Last time? Linda seemed too impressionable of late, so Martin decided not to tell her about the cars. He wished she hadn’t said that about last time though. Her words made it sound like a routine thing, which was the one thing it was not. And it was certainly not like that the first day an odd group of talking heads appeared on television with their heavily orchestrated rumours and lies. They were scientists, economists, politicians. Then they appeared again. And again. And each time they assumed a more desperate line, one of more certainty and concern. Martin remembered the Thursday evening they appeared after a two-week absence, and said that tomorrow everyone had to be prepared for the worst. Martin didn’t quite realise how bad the worst was or even what he was supposed to fear, but then they started mentioning the things no one could miss or misinterpret: food, water, locked windows and doors. Later a red-haired scientist, who looked like everyone’s nasty uncle, began telling them about those powerful pills for children. Initially it freaked them out, but hours later it seemed inevitable, if not reasonable. The city went mad that night, and there was even some talk about building underground shelters. The shelters were fist mentioned by the president soon after they’d left their houses on Saturday morning, seeing the empty streets quiet with homeless dogs and motionless air.
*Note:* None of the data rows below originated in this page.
(* Let $K$ be a field and $L$ a finite extension of $K$ of degree $n$. Let $(x_1,\dots,x_k)$ and $(y_1,\dots,y_\ell)$ be two $K$-linearly independent families of elements of $L$, and suppose $k+\ell\geqslant n+1$. Then the set $\{x_iy_j\ ;\ 1\leqslant i\leqslant k,\ 1\leqslant j\leqslant\ell\}$ spans $L$ as a $K$-vector space. *)

theory Defs
  imports "HOL-Algebra.Embedded_Algebras"
begin

end

theory Submission
  imports Defs
begin

(* Suppose the products x_i y_j span a proper subspace. Then some K-linear functional phi on L
   with phi v = 1 for some v vanishes on every x_i y_j. Complete (y_j) to a basis
   z_1, ..., z_m, y_1, ..., y_l of L; then m = n - l < k, so the linear map
   a |-> (phi (a z_1), ..., phi (a z_m)) has a nonzero zero a in the span of the x_i.
   By bilinearity phi (a y_j) = 0 as well, so phi (b a) = 0 for every b in L. As a is
   invertible, taking b = v a^-1 gives phi v = 0, a contradiction. *)

definition (in ring) linear_map :: "'a set \<Rightarrow> ('a \<Rightarrow> 'a) \<Rightarrow> bool"
  where "linear_map K f \<longleftrightarrow> f \<in> carrier R \<rightarrow> carrier R
    \<and> (\<forall>a \<in> carrier R. \<forall>b \<in> carrier R. f (a \<oplus> b) = f a \<oplus> f b)
    \<and> (\<forall>k \<in> K. \<forall>a \<in> carrier R. f (k \<otimes> a) = k \<otimes> f a)"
That first Friday was the most difficult, though it was hardly any different from today. If anything, and if his memory was to be trusted, the garbage had been flying lower, the screams had been quieter and the wind had seemed no more than a severe storm. Yes, his ears bled, but that was as far as it went. Martin frowned: he resented that ‘last time’. Last time there were no fast cars going off in front of his eyes – making the silent city look like a karting club invaded by unwieldy school kids. No grounded crows or animated swings. So this time, he felt, it could well be it.

‘They did it’, he said, mimicking Linda’s way of starting a conversation. ‘Well, not yet, but Jamie said it could happen on Monday. They haven’t liked my recent reports and I screwed up my last business trip’.

But when Martin turned to Linda, her face, whatever feeling it expressed, got consumed by the darkness that was suddenly falling on them like a fading cinema screen after a movie you either hated or loved. Yes, finally: the plug had been pulled.


Martin kissed Linda, and they woke up. To another day, another morning peering at them with gracious disbelief. When Harry entered the kitchen and headed for his favourite cereals, Martin opened a newspaper and Linda switched on TV. They both felt ashamed and even slightly embarrassed, though it’s not like they had done anything wrong. As Martin half-listened to the latest news report, he thought about how clever the whole thing was: Friday evening. How perfect the timing. Nobody had to go to work on Saturdays. But take a moment and imagine if you did, after a night like that. So how clever, really.